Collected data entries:
==========

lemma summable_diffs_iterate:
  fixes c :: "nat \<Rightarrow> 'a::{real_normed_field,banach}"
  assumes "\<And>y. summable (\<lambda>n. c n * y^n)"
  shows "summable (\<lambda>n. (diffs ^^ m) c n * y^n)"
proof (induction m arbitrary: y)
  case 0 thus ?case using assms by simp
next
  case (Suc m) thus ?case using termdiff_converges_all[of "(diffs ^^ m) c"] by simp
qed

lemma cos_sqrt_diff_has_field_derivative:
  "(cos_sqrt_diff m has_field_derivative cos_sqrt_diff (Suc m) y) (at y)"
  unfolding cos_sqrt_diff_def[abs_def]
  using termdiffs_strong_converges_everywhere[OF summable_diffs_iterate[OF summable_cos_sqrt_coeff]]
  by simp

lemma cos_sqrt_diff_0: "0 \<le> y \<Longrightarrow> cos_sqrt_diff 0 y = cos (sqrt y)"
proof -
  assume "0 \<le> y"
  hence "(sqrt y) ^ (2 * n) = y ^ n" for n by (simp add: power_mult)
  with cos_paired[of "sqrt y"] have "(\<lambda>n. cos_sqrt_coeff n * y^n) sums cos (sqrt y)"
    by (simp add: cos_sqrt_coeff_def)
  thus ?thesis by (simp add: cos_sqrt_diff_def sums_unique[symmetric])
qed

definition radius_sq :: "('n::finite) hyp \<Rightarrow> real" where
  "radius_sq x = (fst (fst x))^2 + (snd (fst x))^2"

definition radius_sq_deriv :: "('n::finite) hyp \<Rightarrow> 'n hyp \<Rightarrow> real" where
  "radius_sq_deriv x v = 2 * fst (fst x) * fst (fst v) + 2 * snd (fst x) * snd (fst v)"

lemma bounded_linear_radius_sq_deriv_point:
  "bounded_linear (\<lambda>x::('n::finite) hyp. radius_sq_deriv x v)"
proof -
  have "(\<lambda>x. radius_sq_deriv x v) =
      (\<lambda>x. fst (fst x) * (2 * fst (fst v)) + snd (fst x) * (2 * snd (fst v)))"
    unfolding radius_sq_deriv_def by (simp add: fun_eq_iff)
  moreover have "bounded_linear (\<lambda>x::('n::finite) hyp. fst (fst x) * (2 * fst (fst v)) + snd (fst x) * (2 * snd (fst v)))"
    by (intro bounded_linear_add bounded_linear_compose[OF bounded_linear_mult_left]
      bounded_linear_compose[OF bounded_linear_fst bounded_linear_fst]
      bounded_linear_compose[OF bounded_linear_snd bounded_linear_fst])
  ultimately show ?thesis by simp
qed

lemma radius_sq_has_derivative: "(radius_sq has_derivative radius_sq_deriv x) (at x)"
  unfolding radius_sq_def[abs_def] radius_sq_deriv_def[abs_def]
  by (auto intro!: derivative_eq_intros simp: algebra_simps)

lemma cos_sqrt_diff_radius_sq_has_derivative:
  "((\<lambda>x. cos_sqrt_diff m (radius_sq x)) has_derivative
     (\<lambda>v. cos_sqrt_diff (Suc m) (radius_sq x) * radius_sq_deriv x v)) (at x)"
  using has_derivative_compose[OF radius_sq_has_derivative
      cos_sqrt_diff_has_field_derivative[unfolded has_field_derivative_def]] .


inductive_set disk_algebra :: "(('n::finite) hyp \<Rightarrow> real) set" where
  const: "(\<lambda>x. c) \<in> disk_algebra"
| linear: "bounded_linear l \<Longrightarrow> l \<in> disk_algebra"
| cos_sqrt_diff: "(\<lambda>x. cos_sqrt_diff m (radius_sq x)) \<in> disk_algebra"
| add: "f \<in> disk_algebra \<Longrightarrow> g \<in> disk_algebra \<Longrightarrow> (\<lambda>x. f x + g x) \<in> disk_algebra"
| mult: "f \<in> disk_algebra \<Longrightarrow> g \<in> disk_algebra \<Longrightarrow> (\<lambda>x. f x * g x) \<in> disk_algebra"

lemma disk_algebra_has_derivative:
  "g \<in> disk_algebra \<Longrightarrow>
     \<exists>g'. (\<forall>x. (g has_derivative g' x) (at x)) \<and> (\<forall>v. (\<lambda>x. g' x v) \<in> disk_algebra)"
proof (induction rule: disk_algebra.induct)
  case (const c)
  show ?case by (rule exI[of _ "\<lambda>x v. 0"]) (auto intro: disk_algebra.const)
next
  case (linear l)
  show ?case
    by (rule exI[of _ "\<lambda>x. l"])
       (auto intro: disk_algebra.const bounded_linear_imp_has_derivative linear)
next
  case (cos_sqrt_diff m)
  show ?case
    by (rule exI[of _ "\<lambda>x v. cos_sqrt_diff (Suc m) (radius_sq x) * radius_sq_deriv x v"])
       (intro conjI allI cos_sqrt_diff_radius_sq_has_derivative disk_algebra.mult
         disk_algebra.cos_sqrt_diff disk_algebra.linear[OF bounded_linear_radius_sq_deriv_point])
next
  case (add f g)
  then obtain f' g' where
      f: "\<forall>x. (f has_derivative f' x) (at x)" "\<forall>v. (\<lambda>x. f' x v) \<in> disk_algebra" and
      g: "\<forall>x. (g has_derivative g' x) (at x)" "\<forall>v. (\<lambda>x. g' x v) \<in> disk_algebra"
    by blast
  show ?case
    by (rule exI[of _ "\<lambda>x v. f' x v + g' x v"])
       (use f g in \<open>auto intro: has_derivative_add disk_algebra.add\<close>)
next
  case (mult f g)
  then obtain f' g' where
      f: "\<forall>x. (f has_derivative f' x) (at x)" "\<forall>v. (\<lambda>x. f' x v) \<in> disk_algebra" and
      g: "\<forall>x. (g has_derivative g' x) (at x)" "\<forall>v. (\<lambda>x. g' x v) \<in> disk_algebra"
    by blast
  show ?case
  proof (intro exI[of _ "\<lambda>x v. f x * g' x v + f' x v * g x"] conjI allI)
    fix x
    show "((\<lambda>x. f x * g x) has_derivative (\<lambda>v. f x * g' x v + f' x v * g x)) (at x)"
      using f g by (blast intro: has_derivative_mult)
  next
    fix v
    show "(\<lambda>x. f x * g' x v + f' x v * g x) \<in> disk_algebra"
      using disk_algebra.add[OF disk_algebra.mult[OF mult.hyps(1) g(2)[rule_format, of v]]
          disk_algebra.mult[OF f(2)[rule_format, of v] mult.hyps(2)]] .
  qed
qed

==========

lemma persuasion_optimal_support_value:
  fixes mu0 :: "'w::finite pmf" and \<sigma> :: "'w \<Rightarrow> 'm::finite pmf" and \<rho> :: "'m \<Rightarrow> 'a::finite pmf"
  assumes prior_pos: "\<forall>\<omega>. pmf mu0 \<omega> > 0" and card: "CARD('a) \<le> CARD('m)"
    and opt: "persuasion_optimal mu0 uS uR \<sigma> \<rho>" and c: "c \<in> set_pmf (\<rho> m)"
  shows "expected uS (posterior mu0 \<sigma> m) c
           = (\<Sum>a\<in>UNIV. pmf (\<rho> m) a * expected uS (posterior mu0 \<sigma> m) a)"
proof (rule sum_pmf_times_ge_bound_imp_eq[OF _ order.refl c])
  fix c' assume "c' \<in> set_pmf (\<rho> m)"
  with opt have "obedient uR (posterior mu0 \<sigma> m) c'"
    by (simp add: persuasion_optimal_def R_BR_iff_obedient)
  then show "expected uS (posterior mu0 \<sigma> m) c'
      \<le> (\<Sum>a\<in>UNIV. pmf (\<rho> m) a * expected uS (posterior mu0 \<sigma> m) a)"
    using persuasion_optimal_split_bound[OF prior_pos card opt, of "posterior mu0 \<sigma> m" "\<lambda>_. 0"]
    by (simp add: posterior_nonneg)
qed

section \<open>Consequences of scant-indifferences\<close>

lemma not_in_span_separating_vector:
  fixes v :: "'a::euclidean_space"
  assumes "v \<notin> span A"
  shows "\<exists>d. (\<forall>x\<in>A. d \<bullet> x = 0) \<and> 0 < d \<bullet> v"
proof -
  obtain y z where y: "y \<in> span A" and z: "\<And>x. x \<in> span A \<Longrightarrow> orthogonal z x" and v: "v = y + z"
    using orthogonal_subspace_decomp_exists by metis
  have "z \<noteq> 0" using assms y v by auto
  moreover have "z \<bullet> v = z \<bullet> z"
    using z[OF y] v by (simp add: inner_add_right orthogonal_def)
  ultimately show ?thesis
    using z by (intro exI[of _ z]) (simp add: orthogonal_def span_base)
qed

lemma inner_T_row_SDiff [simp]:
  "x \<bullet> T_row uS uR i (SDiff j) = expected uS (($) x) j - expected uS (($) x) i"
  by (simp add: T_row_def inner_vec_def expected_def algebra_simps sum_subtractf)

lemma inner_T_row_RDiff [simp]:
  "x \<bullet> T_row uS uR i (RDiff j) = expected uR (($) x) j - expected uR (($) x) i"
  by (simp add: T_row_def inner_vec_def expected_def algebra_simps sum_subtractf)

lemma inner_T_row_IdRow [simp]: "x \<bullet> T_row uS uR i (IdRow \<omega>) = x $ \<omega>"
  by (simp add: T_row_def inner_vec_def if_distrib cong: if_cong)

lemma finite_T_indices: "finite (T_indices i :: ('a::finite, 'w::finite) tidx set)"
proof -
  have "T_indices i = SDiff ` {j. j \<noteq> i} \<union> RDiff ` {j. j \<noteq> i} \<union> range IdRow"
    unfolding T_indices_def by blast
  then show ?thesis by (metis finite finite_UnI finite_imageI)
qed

==========

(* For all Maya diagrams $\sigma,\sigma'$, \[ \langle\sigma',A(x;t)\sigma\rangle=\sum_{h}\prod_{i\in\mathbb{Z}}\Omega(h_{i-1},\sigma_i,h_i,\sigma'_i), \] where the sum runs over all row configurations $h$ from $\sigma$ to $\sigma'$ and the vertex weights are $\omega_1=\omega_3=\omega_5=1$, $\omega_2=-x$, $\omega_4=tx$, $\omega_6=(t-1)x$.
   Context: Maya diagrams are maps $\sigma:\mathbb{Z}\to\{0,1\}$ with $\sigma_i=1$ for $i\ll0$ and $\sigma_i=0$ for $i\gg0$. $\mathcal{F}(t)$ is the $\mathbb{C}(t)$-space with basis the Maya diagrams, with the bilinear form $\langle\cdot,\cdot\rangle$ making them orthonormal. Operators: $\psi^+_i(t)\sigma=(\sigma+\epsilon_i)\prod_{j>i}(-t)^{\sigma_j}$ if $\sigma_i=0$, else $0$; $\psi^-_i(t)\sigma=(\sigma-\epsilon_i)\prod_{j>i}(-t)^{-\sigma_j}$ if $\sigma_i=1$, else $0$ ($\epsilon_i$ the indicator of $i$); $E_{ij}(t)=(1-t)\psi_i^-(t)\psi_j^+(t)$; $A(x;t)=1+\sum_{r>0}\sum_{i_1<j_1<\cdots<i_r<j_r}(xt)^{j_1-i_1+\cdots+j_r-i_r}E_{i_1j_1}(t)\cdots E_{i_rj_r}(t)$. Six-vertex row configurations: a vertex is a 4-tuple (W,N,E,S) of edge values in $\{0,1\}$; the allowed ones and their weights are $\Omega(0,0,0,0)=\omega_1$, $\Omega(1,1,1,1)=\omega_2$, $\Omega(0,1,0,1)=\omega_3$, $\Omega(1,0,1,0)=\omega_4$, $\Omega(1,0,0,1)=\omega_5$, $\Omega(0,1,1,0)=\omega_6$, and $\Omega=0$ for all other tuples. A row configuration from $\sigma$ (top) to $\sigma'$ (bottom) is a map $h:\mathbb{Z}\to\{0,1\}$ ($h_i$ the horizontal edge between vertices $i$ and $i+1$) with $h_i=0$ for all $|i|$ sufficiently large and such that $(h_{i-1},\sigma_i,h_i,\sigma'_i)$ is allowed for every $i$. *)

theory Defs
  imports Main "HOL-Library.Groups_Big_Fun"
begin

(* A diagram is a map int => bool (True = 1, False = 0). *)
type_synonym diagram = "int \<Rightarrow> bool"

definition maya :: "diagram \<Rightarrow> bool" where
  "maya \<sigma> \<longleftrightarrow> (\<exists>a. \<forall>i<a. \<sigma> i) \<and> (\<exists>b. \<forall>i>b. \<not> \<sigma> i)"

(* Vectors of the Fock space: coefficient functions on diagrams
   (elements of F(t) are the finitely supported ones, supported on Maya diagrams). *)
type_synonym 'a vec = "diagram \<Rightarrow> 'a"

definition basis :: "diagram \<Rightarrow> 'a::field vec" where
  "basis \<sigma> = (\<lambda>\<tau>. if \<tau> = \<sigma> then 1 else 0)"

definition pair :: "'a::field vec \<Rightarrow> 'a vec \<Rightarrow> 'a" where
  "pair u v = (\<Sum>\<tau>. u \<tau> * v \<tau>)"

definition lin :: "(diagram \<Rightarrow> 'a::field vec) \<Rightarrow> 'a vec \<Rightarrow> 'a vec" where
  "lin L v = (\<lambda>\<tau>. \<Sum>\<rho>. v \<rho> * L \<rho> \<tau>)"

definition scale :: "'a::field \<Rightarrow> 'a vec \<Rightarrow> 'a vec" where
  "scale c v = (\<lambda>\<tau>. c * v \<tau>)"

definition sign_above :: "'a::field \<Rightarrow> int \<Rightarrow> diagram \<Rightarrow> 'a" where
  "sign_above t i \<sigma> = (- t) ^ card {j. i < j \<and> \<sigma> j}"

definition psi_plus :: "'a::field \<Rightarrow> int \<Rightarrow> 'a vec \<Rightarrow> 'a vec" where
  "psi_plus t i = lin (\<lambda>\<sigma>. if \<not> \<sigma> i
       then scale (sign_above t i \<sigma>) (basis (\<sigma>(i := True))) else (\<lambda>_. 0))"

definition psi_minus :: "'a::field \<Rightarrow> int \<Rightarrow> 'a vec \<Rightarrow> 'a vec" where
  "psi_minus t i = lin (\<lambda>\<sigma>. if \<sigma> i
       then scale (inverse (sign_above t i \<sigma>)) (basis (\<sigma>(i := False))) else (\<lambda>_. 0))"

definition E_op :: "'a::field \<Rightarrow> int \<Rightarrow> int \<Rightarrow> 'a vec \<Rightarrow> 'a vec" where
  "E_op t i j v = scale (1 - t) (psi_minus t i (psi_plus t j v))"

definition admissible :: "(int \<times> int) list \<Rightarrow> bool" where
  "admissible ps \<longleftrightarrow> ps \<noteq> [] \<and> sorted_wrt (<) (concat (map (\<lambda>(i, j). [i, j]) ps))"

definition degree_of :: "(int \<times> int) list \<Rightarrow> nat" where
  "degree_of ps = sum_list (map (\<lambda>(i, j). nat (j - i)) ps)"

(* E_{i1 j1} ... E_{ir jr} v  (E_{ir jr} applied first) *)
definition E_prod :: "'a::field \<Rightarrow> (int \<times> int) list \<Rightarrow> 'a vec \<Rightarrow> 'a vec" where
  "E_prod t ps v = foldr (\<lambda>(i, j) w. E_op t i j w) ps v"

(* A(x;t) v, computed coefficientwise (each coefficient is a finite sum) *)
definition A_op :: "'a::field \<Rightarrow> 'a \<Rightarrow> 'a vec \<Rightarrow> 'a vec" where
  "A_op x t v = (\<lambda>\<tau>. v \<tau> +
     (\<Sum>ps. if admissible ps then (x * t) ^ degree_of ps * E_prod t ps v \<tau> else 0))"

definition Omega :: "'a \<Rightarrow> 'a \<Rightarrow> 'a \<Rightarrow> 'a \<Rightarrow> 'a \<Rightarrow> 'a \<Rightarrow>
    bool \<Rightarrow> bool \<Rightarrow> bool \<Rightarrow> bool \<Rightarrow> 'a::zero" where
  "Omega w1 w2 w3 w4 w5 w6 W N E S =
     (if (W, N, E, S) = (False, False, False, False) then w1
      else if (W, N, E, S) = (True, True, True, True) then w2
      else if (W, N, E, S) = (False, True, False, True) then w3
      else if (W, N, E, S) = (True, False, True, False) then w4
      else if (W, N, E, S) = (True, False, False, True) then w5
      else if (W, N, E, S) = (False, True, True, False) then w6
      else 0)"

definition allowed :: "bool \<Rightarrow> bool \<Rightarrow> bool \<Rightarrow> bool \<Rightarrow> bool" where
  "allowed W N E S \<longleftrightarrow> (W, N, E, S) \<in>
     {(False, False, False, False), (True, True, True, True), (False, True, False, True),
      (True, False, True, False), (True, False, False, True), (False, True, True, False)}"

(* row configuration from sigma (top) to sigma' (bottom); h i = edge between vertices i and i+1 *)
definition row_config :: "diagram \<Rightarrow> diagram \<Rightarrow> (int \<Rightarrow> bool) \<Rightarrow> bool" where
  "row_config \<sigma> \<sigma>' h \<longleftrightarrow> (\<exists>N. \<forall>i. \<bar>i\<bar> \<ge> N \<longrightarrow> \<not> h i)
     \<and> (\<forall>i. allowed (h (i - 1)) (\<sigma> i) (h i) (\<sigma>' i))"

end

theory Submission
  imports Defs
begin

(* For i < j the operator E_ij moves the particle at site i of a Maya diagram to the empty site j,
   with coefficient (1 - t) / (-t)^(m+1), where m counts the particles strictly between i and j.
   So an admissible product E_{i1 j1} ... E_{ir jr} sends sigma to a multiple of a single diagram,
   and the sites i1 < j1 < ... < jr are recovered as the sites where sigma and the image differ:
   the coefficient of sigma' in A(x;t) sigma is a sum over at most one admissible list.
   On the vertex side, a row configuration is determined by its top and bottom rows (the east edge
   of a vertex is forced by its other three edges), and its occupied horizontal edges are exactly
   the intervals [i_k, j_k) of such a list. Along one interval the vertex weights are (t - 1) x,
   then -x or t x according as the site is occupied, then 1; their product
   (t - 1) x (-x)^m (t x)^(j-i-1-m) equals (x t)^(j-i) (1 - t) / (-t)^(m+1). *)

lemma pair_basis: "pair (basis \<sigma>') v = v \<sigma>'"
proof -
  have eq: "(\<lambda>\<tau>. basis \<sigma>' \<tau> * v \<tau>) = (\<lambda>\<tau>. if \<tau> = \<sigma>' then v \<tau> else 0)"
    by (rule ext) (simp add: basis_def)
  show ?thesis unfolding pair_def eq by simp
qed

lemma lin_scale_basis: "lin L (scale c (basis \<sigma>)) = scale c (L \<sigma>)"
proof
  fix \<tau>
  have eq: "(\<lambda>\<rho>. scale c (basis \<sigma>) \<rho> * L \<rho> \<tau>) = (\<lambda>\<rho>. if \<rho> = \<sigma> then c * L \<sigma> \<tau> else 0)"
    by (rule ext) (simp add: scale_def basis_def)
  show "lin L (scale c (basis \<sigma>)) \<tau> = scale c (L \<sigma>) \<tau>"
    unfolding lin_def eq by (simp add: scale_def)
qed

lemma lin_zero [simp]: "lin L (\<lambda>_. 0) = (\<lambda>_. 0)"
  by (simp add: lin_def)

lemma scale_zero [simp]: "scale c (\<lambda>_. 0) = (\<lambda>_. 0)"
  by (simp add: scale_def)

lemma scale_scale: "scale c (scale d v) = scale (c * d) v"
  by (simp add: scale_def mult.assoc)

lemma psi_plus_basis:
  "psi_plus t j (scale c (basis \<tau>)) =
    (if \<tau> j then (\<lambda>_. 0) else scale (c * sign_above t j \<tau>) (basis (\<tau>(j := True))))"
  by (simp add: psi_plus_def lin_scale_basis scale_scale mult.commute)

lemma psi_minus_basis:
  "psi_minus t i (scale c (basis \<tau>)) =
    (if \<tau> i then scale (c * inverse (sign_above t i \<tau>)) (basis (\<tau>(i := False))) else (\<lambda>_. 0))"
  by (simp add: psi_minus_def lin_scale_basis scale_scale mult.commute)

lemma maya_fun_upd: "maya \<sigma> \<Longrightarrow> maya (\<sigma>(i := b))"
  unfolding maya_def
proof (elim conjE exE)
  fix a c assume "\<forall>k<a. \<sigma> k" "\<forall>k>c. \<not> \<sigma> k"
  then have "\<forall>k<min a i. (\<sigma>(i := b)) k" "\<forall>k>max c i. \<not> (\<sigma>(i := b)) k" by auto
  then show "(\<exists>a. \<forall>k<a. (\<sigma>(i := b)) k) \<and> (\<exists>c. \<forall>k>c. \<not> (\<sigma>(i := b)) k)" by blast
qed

==========

_Problem details:_ Your task is to retype the entries verbatim, starting with the line that holds "unfolding cos_sqrt_diff_def[abs_def]" and stopping after the line that holds "bounded_linear_compose[OF bounded_linear_fst bounded_linear_fst]".

_Your solution:_
  unfolding cos_sqrt_diff_def[abs_def]
  using termdiffs_strong_converges_everywhere[OF summable_diffs_iterate[OF summable_cos_sqrt_coeff]]
  by simp

lemma cos_sqrt_diff_0: "0 \<le> y \<Longrightarrow> cos_sqrt_diff 0 y = cos (sqrt y)"
proof -
  assume "0 \<le> y"
  hence "(sqrt y) ^ (2 * n) = y ^ n" for n by (simp add: power_mult)
  with cos_paired[of "sqrt y"] have "(\<lambda>n. cos_sqrt_coeff n * y^n) sums cos (sqrt y)"
    by (simp add: cos_sqrt_coeff_def)
  thus ?thesis by (simp add: cos_sqrt_diff_def sums_unique[symmetric])
qed

definition radius_sq :: "('n::finite) hyp \<Rightarrow> real" where
  "radius_sq x = (fst (fst x))^2 + (snd (fst x))^2"

definition radius_sq_deriv :: "('n::finite) hyp \<Rightarrow> 'n hyp \<Rightarrow> real" where
  "radius_sq_deriv x v = 2 * fst (fst x) * fst (fst v) + 2 * snd (fst x) * snd (fst v)"

lemma bounded_linear_radius_sq_deriv_point:
  "bounded_linear (\<lambda>x::('n::finite) hyp. radius_sq_deriv x v)"
proof -
  have "(\<lambda>x. radius_sq_deriv x v) =
      (\<lambda>x. fst (fst x) * (2 * fst (fst v)) + snd (fst x) * (2 * snd (fst v)))"
    unfolding radius_sq_deriv_def by (simp add: fun_eq_iff)
  moreover have "bounded_linear (\<lambda>x::('n::finite) hyp. fst (fst x) * (2 * fst (fst v)) + snd (fst x) * (2 * snd (fst v)))"
    by (intro bounded_linear_add bounded_linear_compose[OF bounded_linear_mult_left]
      bounded_linear_compose[OF bounded_linear_fst bounded_linear_fst]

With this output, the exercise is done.